Whilst there were major differences in the two setlists, each more than 30 tracks strong, fans that only made it to one of the nights still got to hear the big hits, such as “Jeremy” and “Better Man” amongst others.
Monday night’s setlist covered some of the bands’ classic songs, incorporating “Even Flow,” “Alive,” and “Yellow Ledbetter” as well their covers of Neil Young’s “Rockin’ In The Free World” and Wayne Cochran’s “Last Kiss.” Also thrown into the mix were songs spanning almost every album from their entire back catalog.
The sheer passion and enthusiasm of the band were clearly visible for all to see as they lapped up the atmosphere. Vedder often looked lost in the music, even paying homage to his hero, Pete Townsend, windmilling on his guitar during “Better Man.” Emotions seemed to be running high both on and off the stage, causing Vedder to stop their performance of “Lukin” to get security to intervene with a situation brewing in the General Admission pit. After this interlude, they made sure to finish their song, before going straight into the aptly timed “Mind Your Manners.”
The show went on for more than three hours, with neither the band nor the audience waning once. Rock concerts typically flow through peaks and troughs as the band changes the pace of the music. This was not the case with Pearl Jam. The energy level remained high with the excitement of hearing songs seldom performed to their biggest hits. The night included a guest appearance by Dennis Rodman, who joined them on stage as they sang “Black, Red, Yellow,” lifting Vedder up into his arms as he sang.
Wrigley also had the pleasure of seeing Stone Gossard get behind the microphone to take over the vocals for “Don’t Gimme No Lip,” which was warmly received by the ecstatic crowd.
Throughout the night, Mike McCready helped to bring the songs alive with his guitar work and in particular his solos, which, as usual, demonstrated his emotion and technicality along with some raw power.
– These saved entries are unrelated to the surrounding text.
definition Tset :: "nat \<Rightarrow> (nat \<Rightarrow> nat) set" where
  "Tset m = {\<sigma>. \<sigma> permutes {1..m} \<and>
     (\<exists>t\<in>{1..m}. \<sigma> t = 1 \<and>
        (\<forall>k. 1 \<le> k \<and> k < t \<longrightarrow> \<sigma> k > \<sigma> (Suc k)) \<and>
        (\<forall>k. t \<le> k \<and> k < m \<longrightarrow> \<sigma> k < \<sigma> (Suc k)))}"

end

theory Submission
  imports Defs
begin

text \<open>
  A nonzero product of matrix units forces them to form a chain: r_l = e_{a(l-1),a(l)}
  with a strictly increasing. In any reordering, adjacent factors multiply to something
  nonzero only if their indices are consecutive, which forces the identity ordering.
  For the commutator, the partial commutator of the first factors in the permuted order is
  always a nonzero multiple of e_{a(p-1),a(q)}, where {p..q} is the set of positions used so
  far; commuting it with the next unit e_{a(k-1),a(k)} gives something nonzero exactly when
  k is adjacent to {p..q}, and then the interval grows by one. So the commutator survives
  iff the positions are added outward from t = \<sigma>\<inverse>(1), i.e. \<sigma> decreases to the left of t
  and increases to its right.
\<close>

lemma mat_unit_dims [simp]: "dim_row (mat_unit n x y) = n" "dim_col (mat_unit n x y) = n"
  by (simp_all add: mat_unit_def)

lemma mat_unit_carrier [simp]: "mat_unit n x y \<in> carrier_mat n n"
  by (simp add: mat_unit_def)

lemma mat_unit_mult:
  assumes "b < n"
  shows "(mat_unit n a b :: 'a::field mat) * mat_unit n c d = (if b = c then mat_unit n a d else 0\<^sub>m n n)"
proof (rule eq_matI)
  fix x y assume "x < dim_row (if b = c then mat_unit n a d else (0\<^sub>m n n :: 'a mat))"
    "y < dim_col (if b = c then mat_unit n a d else (0\<^sub>m n n :: 'a mat))"
  then have x: "x < n" and y: "y < n" by (auto simp: mat_unit_def split: if_splits)
  have "(mat_unit n a b * mat_unit n c d :: 'a mat) $$ (x, y)
      = (\<Sum>k\<in>{0..<n}. (if x = a \<and> k = b then 1 else 0) * (if k = c \<and> y = d then 1 else (0::'a)))"
    using x y by (simp add: mat_unit_def scalar_prod_def)
  also have "\<dots> = (\<Sum>k\<in>{0..<n}. if k = b then (if x = a \<and> b = c \<and> y = d then 1 else 0) else (0::'a))"
    by (rule sum.cong) auto
  also have "\<dots> = (if b = c then mat_unit n a d else 0\<^sub>m n n) $$ (x, y)"
    using assms x y by (simp add: mat_unit_def)
  finally show "(mat_unit n a b * mat_unit n c d :: 'a mat) $$ (x, y) = (if b = c then mat_unit n a d else 0\<^sub>m n n) $$ (x, y)" .
qed (auto simp: mat_unit_def)

lemma smult_mat_unit_neq_zero:
  assumes "x < n" "y < n" "c \<noteq> 0"
  shows "c \<cdot>\<^sub>m (mat_unit n x y :: 'a::field mat) \<noteq> 0\<^sub>m n n"
proof
  assume "c \<cdot>\<^sub>m (mat_unit n x y :: 'a mat) = 0\<^sub>m n n"
  then have "(c \<cdot>\<^sub>m (mat_unit n x y :: 'a mat)) $$ (x, y) = 0\<^sub>m n n $$ (x, y)" by simp
  with assms show False by (simp add: mat_unit_def)
qed

lemma smult_one_mat_unit [simp]: "(1::'a::field) \<cdot>\<^sub>m mat_unit n x y = mat_unit n x y"
  by (rule eq_matI) (auto simp: mat_unit_def)

lemma mat_unit_neq_zero: "x < n \<Longrightarrow> y < n \<Longrightarrow> (mat_unit n x y :: 'a::field mat) \<noteq> 0\<^sub>m n n"
  using smult_mat_unit_neq_zero[of x n y "1::'a"] by simp

lemma smult_mat_unit_commutator:
  fixes c :: "'a::field"
  assumes "b < n" "d < n"
  shows "(c \<cdot>\<^sub>m mat_unit n a b) * mat_unit n e d - mat_unit n e d * (c \<cdot>\<^sub>m mat_unit n a b)
    = (if b = e then c \<cdot>\<^sub>m mat_unit n a d else 0\<^sub>m n n) - (if d = a then c \<cdot>\<^sub>m mat_unit n e b else 0\<^sub>m n n)"
proof -
  have "(c \<cdot>\<^sub>m mat_unit n a b) * mat_unit n e d = c \<cdot>\<^sub>m (mat_unit n a b * mat_unit n e d)"
    using mult_smult_assoc_mat[of "mat_unit n a b" n n "mat_unit n e d" n c] by simp
  moreover have "mat_unit n e d * (c \<cdot>\<^sub>m mat_unit n a b) = c \<cdot>\<^sub>m (mat_unit n e d * mat_unit n a b)"
    using mult_smult_distrib[of "mat_unit n e d" n n "mat_unit n a b" n c] by simp
  ultimately show ?thesis using assms by (simp add: mat_unit_mult)
qed

lemma lcomm_zero_Cons:
  "\<forall>y\<in>set xs. y \<in> carrier_mat n n \<Longrightarrow> lcomm (0\<^sub>m n n # xs) = (0\<^sub>m n n :: 'a::field mat)"
proof (induction xs)
  case (Cons y xs)
  then have "0\<^sub>m n n * y - y * 0\<^sub>m n n = (0\<^sub>m n n :: 'a mat)" by auto
  with Cons show ?case by simp
qed simp

fun chained :: "(nat \<times> nat) list \<Rightarrow> bool" where
  "chained (x # y # zs) = (snd x = fst y \<and> chained (y # zs))"
| "chained _ = True"

lemma chained_map_upt:
  "chained (map f [a..<b]) \<longleftrightarrow> (\<forall>l. a \<le> l \<and> Suc l < b \<longrightarrow> snd (f l) = fst (f (Suc l)))"
proof (induction "b - a" arbitrary: a)
  case (Suc d)
  show ?case
  proof (cases "Suc a < b")
    case True
    then have "[a..<b] = a # Suc a # [Suc (Suc a)..<b]" "[Suc a..<b] = Suc a # [Suc (Suc a)..<b]"
      by (simp_all add: upt_conv_Cons)
    then have "chained (map f [a..<b]) \<longleftrightarrow> snd (f a) = fst (f (Suc a)) \<and> chained (map f [Suc a..<b])"
      by simp
    also have "\<dots> \<longleftrightarrow> (\<forall>l. a \<le> l \<and> Suc l < b \<longrightarrow> snd (f l) = fst (f (Suc l)))"
      using Suc True by (auto simp: le_Suc_eq Suc_le_eq) (metis le_neq_implies_less Suc_leI)
    finally show ?thesis .
  next
    case False
    with Suc have "[a..<b] = [a]" by (simp add: upt_conv_Cons)
    with False show ?thesis by auto
  qed
qed auto

lemma mat_list_prod_mat_units:
  assumes "ps \<noteq> []" "\<forall>(x, y)\<in>set ps. x < n \<and> y < n"
  shows "mat_list_prod n (map (\<lambda>(x, y). mat_unit n x y) ps)
    = (if chained ps then mat_unit n (fst (hd ps)) (snd (last ps)) else (0\<^sub>m n n :: 'a::field mat))"
  using assms
proof (induction ps rule: chained.induct)
  case (1 p q qs)
  have "mat_list_prod n (map (\<lambda>(x, y). mat_unit n x y) (p # q # qs))
      = (mat_unit n (fst p) (snd p) :: 'a mat) * mat_list_prod n (map (\<lambda>(x, y). mat_unit n x y) (q # qs))"
    by (cases p) (simp add: mat_list_prod_def)
  also have "\<dots> = mat_unit n (fst p) (snd p)
      * (if chained (q # qs) then mat_unit n (fst q) (snd (last (q # qs))) else 0\<^sub>m n n)"
    using 1 by auto
  also have "\<dots> = (if chained (p # q # qs) then mat_unit n (fst p) (snd (last (q # qs))) else 0\<^sub>m n n)"
    using "1.prems" by (cases p) (auto simp: mat_unit_mult right_mult_zero_mat[OF mat_unit_carrier])
  finally show ?case by simp
qed (auto simp: mat_list_prod_def right_mult_one_mat[OF mat_unit_carrier])

lemma less_by_Suc_steps:
  fixes f :: "nat \<Rightarrow> 'b::order"
  assumes "\<And>k. a \<le> k \<Longrightarrow> k < b \<Longrightarrow> f k < f (Suc k)" "a \<le> x" "x < y" "y \<le> b"
  shows "f x < f y"
  using assms(3,4)
proof (induction y)
  case (Suc y)
  have "f y < f (Suc y)" using Suc.prems assms(1,2) by simp
  moreover have "x = y \<or> f x < f y" using Suc.IH Suc.prems by (cases "x = y") auto
  ultimately show ?case by auto
qed simp

definition valley_shaped :: "(nat \<Rightarrow> nat) \<Rightarrow> nat \<Rightarrow> nat \<Rightarrow> nat \<Rightarrow> bool" where
  "valley_shaped \<sigma> m p q \<longleftrightarrow>
     (\<forall>k. 1 \<le> k \<and> k < p \<longrightarrow> \<sigma> (Suc k) < \<sigma> k) \<and> (\<forall>k. q \<le> k \<and> k < m \<longrightarrow> \<sigma> k < \<sigma> (Suc k))"

lemma valley_shaped_extend_right:
  "\<sigma> q < \<sigma> (Suc q) \<Longrightarrow> valley_shaped \<sigma> m p (Suc q) \<longleftrightarrow> valley_shaped \<sigma> m p q"
  unfolding valley_shaped_def by (auto simp: le_Suc_eq) (metis le_antisym not_less_eq_eq)

lemma valley_shaped_extend_left:
  "\<sigma> (Suc k) < \<sigma> k \<Longrightarrow> 1 \<le> k \<Longrightarrow> valley_shaped \<sigma> m k q \<longleftrightarrow> valley_shaped \<sigma> m (Suc k) q"
  unfolding valley_shaped_def by (auto simp: less_Suc_eq)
The huge stage was not big enough to contain him, as he jumped down to the pit to be closer to the audience during his “Even Flow” solo.
Underpinning every song, as always, was the rock solid foundation of Jeff Ament and Matt Cameron, ably supported by Boom Gaspar, who added an extra dimension on keys.
While Pearl Jam is a band who came out of the Seattle scene in the nineties, there has always been a deep bond with Chicago due to Vedder being born in the city and his love of all things Chicago and the local sports team. His particular fondness for the Cubs makes a Pearl Jam performance at Wrigley Field feel all the more special.
As the tour is coming to a close, with only two dates left, tickets will be difficult to find. If you are lucky enough to be attending either show, you are in for a treat.